Burnaby Public Library or BPL is a public library that serves Burnaby, British Columbia and the surrounding Lower Mainland. According to its 2019-2022 strategic plan, BPL aims to "empower the community to engage with and share stories, ideas and information." BPL provides access to information services and library collections (including books, DVDs, newspapers, magazines and research materials) through its four branches as well as online and through community outreach.

Services
BPL provides a broad range of services and programs that reflect the needs of its community. The following list is a small sample of the regular services available:

Information and reference services
Access to full text databases
Community information
Internet access
Readers' advisory services
Storytimes for babies, toddlers and preschoolers
Programs for children, youth, adults and seniors
Newcomer services including English as an additional language supports
Delivery to homebound individuals
Interlibrary loan
Free downloadable audiobooks
Movie nights
"Book bike" mobile library outreach
Philosophers' Cafe series, in partnership with Simon Fraser University

History
Burnaby's first library was founded in 1927 as the North Burnaby Library Association with members paying one dollar to use a collection of 397 books. The first actual library building was established on East Hastings Street in 1935.

In 1954, a municipal bylaw was enacted to officially establish the Burnaby Public Library. After merging with the North Burnaby Library Association in 1957, BPL's first permanent library building, the McGill Branch, was built in North Burnaby in 1961. The branch was named after Grace McGill, a volunteer with the North Burnaby Library Association since its 1927 inception.

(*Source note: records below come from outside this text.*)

lemma exponent_factorizations_R_connected:
  assumes "x \<notin> range betti_elt"
  shows "set_mset E \<subseteq> N \<Longrightarrow> set_mset E' \<subseteq> N \<Longrightarrow> eval_exps E = x \<Longrightarrow> eval_exps E' = x
    \<Longrightarrow> (fact_of E, fact_of E') \<in> (R_step M x)\<^sup>*"
proof (induction "weight E + weight E'" arbitrary: E E' rule: less_induct)
  case less
  show ?case
  proof (cases "fact_of E \<inter># fact_of E' = {#}")
    case False
    then show ?thesis
      using fact_of_in_R_step less.prems by blast
  next
    case disjoint: True
    show ?thesis
    proof (cases "E + E' = {#}")
      case True
      then show ?thesis
        by simp
    next
      case False
      define e where "e = Max (set_mset (E + E'))"
      have top: "e \<in># E + E'" "\<forall>t\<in>#E + E'. t \<le> e"
        using False Max_in[of "set_mset (E + E')"] unfolding e_def by auto
      moreover have "\<not> (e \<in># E \<and> e \<in># E')"
        using disjoint inter_mset_nonempty[of "r ^ e"] by auto
      ultimately consider "e \<in># E" "e \<notin># E'" | "e \<in># E'" "e \<notin># E"
        by auto
      then show ?thesis
      proof cases
        case 1
        obtain E1 where E1: "set_mset E1 \<subseteq> N" "eval_exps E1 = x" "weight E1 < weight E"
          "(fact_of E, fact_of E1) \<in> R_step M x"
          by (rule adjacent_lighter_factorization[OF assms less.prems 1 top(2)])
        then have "(fact_of E1, fact_of E') \<in> (R_step M x)\<^sup>*"
          using less.hyps[of E1 E'] less.prems by simp
        with E1(4) show ?thesis
          by (rule converse_rtrancl_into_rtrancl)
      next
        case 2
        have "\<forall>t\<in>#E' + E. t \<le> e"
          using top(2) by (simp add: add.commute)
        obtain E1 where E1: "set_mset E1 \<subseteq> N" "eval_exps E1 = x" "weight E1 < weight E'"
          "(fact_of E', fact_of E1) \<in> R_step M x"
          by (rule adjacent_lighter_factorization[OF assms less.prems(2,1,4,3) 2 \<open>\<forall>t\<in>#E' + E. t \<le> e\<close>])
        then have "(fact_of E, fact_of E1) \<in> (R_step M x)\<^sup>*"
          using less.hyps[of E E1] less.prems by simp
        with R_step_sym[OF E1(4)] show ?thesis
          by (rule rtrancl_into_rtrancl[rotated])
      qed
    qed
  qed
qed

lemma Betti_eq: "Betti M = range betti_elt"
proof
  show "Betti M \<subseteq> range betti_elt"
  proof (rule subsetI, rule ccontr)
    fix x assume "x \<in> Betti M" "x \<notin> range betti_elt"
    then have "(z, w) \<in> (R_step M x)\<^sup>*"
      if "z \<in> factorizations M x" "w \<in> factorizations M x" for z w
      using that exponent_factorizations_R_connected unfolding factorizations_iff by blast
    with \<open>x \<in> Betti M\<close> show False
      using not_Betti_if_R_connected by blast
  qed
qed (use betti_elt_in_Betti in blast)

end

theorem mainTheorem7:
  fixes r :: rat and N :: "nat set"
  assumes "numerical_monoid N"
    and "r > 0"
    and "r \<notin> \<nat>"
    and "numer r > 1"
  shows "Betti (exp_puiseux r N) =
           {of_int (numer r) ^ (enumerate N (Suc n) - enumerate N n) * r ^ (enumerate N n) | n. True}
         \<and> (\<forall>n x. x = of_int (numer r) ^ (enumerate N (Suc n) - enumerate N n) * r ^ (enumerate N n) \<longrightarrow>
           R_classes (exp_puiseux r N) x =
             {R_atom (exp_puiseux r N) x (r ^ enumerate N n),
              R_atom (exp_puiseux r N) x (r ^ enumerate N (Suc n))})"
proof -
  interpret atomic_exp_puiseux r N
    using assms by unfold_locales
  show ?thesis
    using Betti_eq R_classes_betti_elt by (auto simp: full_SetCompr_eq)
qed

end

The Kingsway branch was established in 1962 followed by the Central Park branch in 1974 and the Cameron branch in 1980.

In 1991, the Central Park branch was replaced by the Bob Prittie Metrotown branch, BPL's current central branch. The branch is named in honour of former Burnaby teacher, MP, alderman, mayor and library board member Robert "Bob" Prittie.

In 2001, the current 27,000 square-foot McGill branch was completed.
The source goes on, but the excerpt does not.